#### INFORMATION GIVEN

== == ==

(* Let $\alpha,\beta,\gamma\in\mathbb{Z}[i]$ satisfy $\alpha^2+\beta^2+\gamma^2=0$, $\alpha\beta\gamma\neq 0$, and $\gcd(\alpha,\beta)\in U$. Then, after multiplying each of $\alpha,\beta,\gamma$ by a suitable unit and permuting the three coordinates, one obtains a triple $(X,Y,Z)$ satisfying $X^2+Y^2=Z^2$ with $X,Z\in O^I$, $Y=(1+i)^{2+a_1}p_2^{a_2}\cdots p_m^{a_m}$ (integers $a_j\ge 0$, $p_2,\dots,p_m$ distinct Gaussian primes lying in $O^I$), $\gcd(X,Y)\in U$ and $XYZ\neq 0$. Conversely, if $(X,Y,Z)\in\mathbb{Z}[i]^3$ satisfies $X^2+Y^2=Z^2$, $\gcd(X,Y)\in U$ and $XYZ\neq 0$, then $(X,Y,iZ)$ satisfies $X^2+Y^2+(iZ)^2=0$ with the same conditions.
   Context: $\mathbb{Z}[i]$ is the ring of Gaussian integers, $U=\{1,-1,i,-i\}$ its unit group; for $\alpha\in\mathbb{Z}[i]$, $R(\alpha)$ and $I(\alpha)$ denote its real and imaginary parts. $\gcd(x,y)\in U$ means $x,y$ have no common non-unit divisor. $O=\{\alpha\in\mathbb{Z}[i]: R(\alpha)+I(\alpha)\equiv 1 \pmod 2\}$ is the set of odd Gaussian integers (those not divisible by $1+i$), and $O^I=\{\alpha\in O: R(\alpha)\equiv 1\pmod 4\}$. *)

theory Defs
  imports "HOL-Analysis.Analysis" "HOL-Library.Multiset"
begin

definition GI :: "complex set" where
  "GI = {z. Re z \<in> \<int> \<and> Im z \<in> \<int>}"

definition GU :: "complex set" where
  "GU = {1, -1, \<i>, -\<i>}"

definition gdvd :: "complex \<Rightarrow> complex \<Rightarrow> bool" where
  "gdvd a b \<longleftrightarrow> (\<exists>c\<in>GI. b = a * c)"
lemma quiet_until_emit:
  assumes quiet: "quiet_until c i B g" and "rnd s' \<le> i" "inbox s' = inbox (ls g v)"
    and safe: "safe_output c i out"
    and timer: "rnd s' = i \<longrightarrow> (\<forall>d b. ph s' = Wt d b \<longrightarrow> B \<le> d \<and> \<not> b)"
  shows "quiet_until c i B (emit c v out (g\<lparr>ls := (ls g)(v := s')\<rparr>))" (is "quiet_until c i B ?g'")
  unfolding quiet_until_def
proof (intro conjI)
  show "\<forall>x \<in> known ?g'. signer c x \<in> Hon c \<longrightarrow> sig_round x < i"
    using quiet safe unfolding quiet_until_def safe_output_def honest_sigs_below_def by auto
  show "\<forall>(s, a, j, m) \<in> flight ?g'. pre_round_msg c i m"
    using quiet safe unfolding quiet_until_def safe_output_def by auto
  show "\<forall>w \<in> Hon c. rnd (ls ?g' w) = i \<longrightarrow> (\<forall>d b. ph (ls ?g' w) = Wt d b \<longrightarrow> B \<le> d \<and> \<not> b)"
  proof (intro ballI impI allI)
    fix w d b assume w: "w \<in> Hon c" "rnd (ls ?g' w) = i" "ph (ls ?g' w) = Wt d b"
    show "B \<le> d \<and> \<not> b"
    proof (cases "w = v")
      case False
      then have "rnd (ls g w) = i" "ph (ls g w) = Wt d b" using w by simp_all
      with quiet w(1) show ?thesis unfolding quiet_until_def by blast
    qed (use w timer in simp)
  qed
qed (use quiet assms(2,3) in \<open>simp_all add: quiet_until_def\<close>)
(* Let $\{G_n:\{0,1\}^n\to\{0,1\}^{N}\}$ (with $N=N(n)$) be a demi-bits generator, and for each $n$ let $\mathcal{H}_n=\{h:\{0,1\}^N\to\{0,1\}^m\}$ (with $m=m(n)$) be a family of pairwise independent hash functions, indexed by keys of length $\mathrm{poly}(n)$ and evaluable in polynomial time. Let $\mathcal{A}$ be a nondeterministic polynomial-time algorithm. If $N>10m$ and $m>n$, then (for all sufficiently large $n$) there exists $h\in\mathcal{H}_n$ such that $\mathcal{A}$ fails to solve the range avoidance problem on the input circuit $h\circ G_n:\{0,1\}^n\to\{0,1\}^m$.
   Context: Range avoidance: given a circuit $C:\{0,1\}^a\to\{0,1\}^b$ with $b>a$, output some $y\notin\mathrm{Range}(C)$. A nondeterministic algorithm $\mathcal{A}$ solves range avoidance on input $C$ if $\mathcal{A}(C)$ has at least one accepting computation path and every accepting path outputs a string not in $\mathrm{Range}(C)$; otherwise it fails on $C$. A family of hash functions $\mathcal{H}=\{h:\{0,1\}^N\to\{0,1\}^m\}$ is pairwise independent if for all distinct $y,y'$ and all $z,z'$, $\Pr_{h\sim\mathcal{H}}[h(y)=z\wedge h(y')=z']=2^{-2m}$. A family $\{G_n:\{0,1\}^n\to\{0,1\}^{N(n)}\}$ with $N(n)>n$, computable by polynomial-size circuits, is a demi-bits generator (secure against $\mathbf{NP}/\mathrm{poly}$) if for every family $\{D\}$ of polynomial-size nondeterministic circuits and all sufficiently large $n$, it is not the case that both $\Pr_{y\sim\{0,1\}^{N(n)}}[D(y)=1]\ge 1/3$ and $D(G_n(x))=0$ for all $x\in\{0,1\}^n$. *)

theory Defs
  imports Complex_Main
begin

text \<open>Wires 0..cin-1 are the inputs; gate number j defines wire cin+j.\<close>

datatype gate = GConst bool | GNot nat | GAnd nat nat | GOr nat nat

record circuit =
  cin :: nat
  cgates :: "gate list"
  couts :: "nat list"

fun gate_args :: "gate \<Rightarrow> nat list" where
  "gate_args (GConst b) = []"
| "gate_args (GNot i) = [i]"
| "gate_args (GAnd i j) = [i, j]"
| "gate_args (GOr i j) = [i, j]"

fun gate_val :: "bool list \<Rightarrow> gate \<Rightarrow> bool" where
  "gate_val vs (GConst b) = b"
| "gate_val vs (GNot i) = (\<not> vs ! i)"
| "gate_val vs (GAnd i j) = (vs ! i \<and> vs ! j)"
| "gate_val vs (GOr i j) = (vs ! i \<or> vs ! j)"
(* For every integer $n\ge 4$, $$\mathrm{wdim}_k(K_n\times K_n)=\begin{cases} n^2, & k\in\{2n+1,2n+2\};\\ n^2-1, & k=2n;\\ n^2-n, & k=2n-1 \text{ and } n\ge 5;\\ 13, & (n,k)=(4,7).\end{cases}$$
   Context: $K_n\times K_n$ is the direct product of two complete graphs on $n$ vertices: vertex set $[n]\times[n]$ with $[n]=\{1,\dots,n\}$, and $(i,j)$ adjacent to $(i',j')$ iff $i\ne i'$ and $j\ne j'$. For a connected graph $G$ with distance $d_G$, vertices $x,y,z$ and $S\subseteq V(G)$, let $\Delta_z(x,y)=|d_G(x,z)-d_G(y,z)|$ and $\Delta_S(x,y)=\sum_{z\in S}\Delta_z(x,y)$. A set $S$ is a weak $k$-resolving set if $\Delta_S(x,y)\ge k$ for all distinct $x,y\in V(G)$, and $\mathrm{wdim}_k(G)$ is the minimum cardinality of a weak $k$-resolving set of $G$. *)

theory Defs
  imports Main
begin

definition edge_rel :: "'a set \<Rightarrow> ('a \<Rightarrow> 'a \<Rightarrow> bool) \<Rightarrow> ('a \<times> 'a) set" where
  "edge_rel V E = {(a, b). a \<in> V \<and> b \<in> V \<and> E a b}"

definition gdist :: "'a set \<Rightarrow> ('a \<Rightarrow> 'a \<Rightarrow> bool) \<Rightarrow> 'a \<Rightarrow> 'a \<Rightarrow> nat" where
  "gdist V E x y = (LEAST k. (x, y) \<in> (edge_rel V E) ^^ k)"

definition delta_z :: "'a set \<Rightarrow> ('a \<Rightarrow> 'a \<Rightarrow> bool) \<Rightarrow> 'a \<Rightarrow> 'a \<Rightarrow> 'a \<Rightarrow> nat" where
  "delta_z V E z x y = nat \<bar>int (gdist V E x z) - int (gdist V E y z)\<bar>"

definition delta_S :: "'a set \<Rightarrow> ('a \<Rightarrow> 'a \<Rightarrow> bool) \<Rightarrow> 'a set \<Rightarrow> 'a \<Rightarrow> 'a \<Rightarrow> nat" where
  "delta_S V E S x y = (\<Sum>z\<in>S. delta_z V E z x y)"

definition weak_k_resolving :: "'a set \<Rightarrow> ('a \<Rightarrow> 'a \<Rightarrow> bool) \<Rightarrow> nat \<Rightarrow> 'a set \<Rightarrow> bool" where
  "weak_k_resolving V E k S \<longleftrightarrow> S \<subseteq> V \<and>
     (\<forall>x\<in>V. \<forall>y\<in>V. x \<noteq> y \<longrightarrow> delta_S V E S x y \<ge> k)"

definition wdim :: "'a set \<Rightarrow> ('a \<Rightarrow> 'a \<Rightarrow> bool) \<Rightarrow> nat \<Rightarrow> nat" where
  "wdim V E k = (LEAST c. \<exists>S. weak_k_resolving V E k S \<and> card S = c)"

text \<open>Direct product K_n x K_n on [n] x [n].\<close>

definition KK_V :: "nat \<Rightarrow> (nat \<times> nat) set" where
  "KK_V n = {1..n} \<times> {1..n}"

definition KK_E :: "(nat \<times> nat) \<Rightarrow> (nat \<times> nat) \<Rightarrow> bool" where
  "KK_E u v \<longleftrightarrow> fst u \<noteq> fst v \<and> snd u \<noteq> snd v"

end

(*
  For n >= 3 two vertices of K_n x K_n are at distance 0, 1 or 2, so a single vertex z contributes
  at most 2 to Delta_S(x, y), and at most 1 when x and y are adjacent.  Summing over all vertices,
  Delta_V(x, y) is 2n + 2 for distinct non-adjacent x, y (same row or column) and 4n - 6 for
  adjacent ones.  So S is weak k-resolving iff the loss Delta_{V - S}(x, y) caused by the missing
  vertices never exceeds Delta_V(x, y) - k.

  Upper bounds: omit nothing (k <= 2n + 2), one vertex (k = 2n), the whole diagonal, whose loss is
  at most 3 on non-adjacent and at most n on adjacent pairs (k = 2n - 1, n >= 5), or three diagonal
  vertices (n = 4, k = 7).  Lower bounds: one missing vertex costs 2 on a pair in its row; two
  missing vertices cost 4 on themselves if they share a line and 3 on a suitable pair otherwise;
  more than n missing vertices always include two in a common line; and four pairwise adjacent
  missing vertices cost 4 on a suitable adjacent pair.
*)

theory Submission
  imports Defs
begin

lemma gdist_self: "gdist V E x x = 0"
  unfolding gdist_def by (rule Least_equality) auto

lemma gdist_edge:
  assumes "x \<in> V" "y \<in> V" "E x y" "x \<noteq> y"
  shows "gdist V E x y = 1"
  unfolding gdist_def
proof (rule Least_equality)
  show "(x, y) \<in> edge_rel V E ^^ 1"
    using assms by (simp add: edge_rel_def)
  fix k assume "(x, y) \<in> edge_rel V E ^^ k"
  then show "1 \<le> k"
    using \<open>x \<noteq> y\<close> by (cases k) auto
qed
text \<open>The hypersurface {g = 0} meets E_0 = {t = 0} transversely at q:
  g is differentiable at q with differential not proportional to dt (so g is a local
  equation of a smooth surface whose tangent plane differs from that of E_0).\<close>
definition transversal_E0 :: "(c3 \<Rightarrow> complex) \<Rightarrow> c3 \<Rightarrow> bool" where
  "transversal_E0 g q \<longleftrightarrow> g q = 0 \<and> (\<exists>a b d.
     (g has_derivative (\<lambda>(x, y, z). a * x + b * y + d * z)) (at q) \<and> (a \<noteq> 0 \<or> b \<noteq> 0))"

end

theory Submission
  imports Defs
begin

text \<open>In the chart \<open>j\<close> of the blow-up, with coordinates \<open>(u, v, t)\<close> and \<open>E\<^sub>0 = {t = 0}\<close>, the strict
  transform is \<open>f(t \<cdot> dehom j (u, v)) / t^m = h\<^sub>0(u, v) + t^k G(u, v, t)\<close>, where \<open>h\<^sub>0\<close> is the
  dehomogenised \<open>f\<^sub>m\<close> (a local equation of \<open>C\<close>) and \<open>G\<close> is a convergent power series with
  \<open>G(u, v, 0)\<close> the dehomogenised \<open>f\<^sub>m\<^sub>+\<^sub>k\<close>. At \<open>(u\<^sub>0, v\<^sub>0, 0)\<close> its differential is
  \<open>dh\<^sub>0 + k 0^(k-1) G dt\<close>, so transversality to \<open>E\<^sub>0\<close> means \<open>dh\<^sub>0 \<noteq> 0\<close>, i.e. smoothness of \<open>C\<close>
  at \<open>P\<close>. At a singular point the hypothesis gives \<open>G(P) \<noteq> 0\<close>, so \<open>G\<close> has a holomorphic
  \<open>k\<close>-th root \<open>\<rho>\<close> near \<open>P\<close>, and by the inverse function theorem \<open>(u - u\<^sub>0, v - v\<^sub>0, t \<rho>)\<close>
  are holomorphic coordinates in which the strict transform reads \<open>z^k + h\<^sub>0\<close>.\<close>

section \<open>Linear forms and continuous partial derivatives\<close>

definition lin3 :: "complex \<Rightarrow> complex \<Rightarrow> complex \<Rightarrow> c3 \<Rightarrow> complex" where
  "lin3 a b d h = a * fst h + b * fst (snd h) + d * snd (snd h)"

== == ==

#### WHAT YOU ARE ASKED TO DO
Lines after the one containing "known ?g'. signer" are left out; every line from the start of the entries through that line is restated word for word.

#### SOLUTION TO THE EXERCISE
(* Let $\alpha,\beta,\gamma\in\mathbb{Z}[i]$ satisfy $\alpha^2+\beta^2+\gamma^2=0$, $\alpha\beta\gamma\neq 0$, and $\gcd(\alpha,\beta)\in U$. Then, after multiplying each of $\alpha,\beta,\gamma$ by a suitable unit and permuting the three coordinates, one obtains a triple $(X,Y,Z)$ satisfying $X^2+Y^2=Z^2$ with $X,Z\in O^I$, $Y=(1+i)^{2+a_1}p_2^{a_2}\cdots p_m^{a_m}$ (integers $a_j\ge 0$, $p_2,\dots,p_m$ distinct Gaussian primes lying in $O^I$), $\gcd(X,Y)\in U$ and $XYZ\neq 0$. Conversely, if $(X,Y,Z)\in\mathbb{Z}[i]^3$ satisfies $X^2+Y^2=Z^2$, $\gcd(X,Y)\in U$ and $XYZ\neq 0$, then $(X,Y,iZ)$ satisfies $X^2+Y^2+(iZ)^2=0$ with the same conditions.
   Context: $\mathbb{Z}[i]$ is the ring of Gaussian integers, $U=\{1,-1,i,-i\}$ its unit group; for $\alpha\in\mathbb{Z}[i]$, $R(\alpha)$ and $I(\alpha)$ denote its real and imaginary parts. $\gcd(x,y)\in U$ means $x,y$ have no common non-unit divisor. $O=\{\alpha\in\mathbb{Z}[i]: R(\alpha)+I(\alpha)\equiv 1 \pmod 2\}$ is the set of odd Gaussian integers (those not divisible by $1+i$), and $O^I=\{\alpha\in O: R(\alpha)\equiv 1\pmod 4\}$. *)

theory Defs
  imports "HOL-Analysis.Analysis" "HOL-Library.Multiset"
begin

definition GI :: "complex set" where
  "GI = {z. Re z \<in> \<int> \<and> Im z \<in> \<int>}"

definition GU :: "complex set" where
  "GU = {1, -1, \<i>, -\<i>}"

definition gdvd :: "complex \<Rightarrow> complex \<Rightarrow> bool" where
  "gdvd a b \<longleftrightarrow> (\<exists>c\<in>GI. b = a * c)"
lemma quiet_until_emit:
  assumes quiet: "quiet_until c i B g" and "rnd s' \<le> i" "inbox s' = inbox (ls g v)"
    and safe: "safe_output c i out"
    and timer: "rnd s' = i \<longrightarrow> (\<forall>d b. ph s' = Wt d b \<longrightarrow> B \<le> d \<and> \<not> b)"
  shows "quiet_until c i B (emit c v out (g\<lparr>ls := (ls g)(v := s')\<rparr>))" (is "quiet_until c i B ?g'")
  unfolding quiet_until_def
proof (intro conjI)
  show "\<forall>x \<in> known ?g'. signer c x \<in> Hon c \<longrightarrow> sig_round x < i"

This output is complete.